### WHAT NEEDS TO BE DONE
Produce as output only the lines below starting at the line with "using reals_Archimedean e(1)" and continuing through the line with "(Suc n)) \<subseteq>", each one exactly as written.

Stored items
↓↓↓

text \<open>The saturated clopen subsets of Y form a countable Boolean algebra (Y is compact
  metric), atomless by (a3) and (a4), which separates distinct blocks of the decomposition
  by (a5). Cutting Y successively by an enumeration of this algebra, with an arbitrary proper
  cut whenever the enumerated set fails to cut, gives a binary tree of nonempty saturated
  clopen sets. Sending a point to its branch is a continuous map onto the Cantor space
  (surjective by compactness) whose fibres are exactly the blocks, so it descends to a
  homeomorphism of the compact quotient.\<close>

lemma compact_countable_ball_base:
  fixes Y :: "'a::metric_space set"
  assumes "compact Y"
  obtains B where "countable B" "\<And>b. b \<in> B \<Longrightarrow> open b"
    "\<And>U x. openin (top_of_set Y) U \<Longrightarrow> x \<in> U \<Longrightarrow> \<exists>b\<in>B. x \<in> b \<and> Y \<inter> b \<subseteq> U"
proof -
  have "\<exists>K. finite K \<and> Y \<subseteq> (\<Union>c\<in>K. ball c (inverse (Suc n)))" for n :: nat
  proof -
    have "Y \<subseteq> (\<Union>c\<in>Y. ball c (inverse (Suc n)))" by auto
    then obtain K where "K \<subseteq> Y" "finite K" "Y \<subseteq> (\<Union>c\<in>K. ball c (inverse (Suc n)))"
      using compactE_image[OF assms, of Y "\<lambda>c. ball c (inverse (Suc n))"] by auto
    then show ?thesis by blast
  qed
  then obtain K where K: "\<And>n. finite (K n)" "\<And>n. Y \<subseteq> (\<Union>c\<in>K n. ball c (inverse (Suc n)))"
    by metis
  define B where "B = (\<Union>n. (\<lambda>c. ball c (inverse (Suc n))) ` K n)"
  show thesis
  proof
    show "countable B" unfolding B_def using K(1) by (auto intro: countable_finite)
    show "open b" if "b \<in> B" for b using that unfolding B_def by auto
    fix U x assume "openin (top_of_set Y) U" "x \<in> U"
    then obtain e where e: "e > 0" "ball x e \<inter> Y \<subseteq> U"
      by (meson openin_contains_ball)
    obtain n where n: "inverse (Suc n) < e / 2"
      using reals_Archimedean e(1) by (metis half_gt_zero)
    obtain c where c: "c \<in> K n" "x \<in> ball c (inverse (Suc n))"
      using K(2)[of n] \<open>x \<in> U\<close> openin_imp_subset[OF \<open>openin (top_of_set Y) U\<close>] by blast
    have "ball c (inverse (Suc n)) \<subseteq> ball x e"
    proof
      fix z assume "z \<in> ball c (inverse (Suc n))"
      moreover have "dist x z \<le> dist x c + dist c z" by (rule dist_triangle)
      ultimately show "z \<in> ball x e" using c(2) n by (simp add: dist_commute)
    qed
    moreover have "ball c (inverse (Suc n)) \<in> B" unfolding B_def using c(1) by blast
    ultimately show "\<exists>b\<in>B. x \<in> b \<and> Y \<inter> b \<subseteq> U" using c(2) e(2) by blast
  qed
qed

↑↑↑

### ANSWER
      using reals_Archimedean e(1) by (metis half_gt_zero)
    obtain c where c: "c \<in> K n" "x \<in> ball c (inverse (Suc n))"
      using K(2)[of n] \<open>x \<in> U\<close> openin_imp_subset[OF \<open>openin (top_of_set Y) U\<close>] by blast
    have "ball c (inverse (Suc n)) \<subseteq> ball x e"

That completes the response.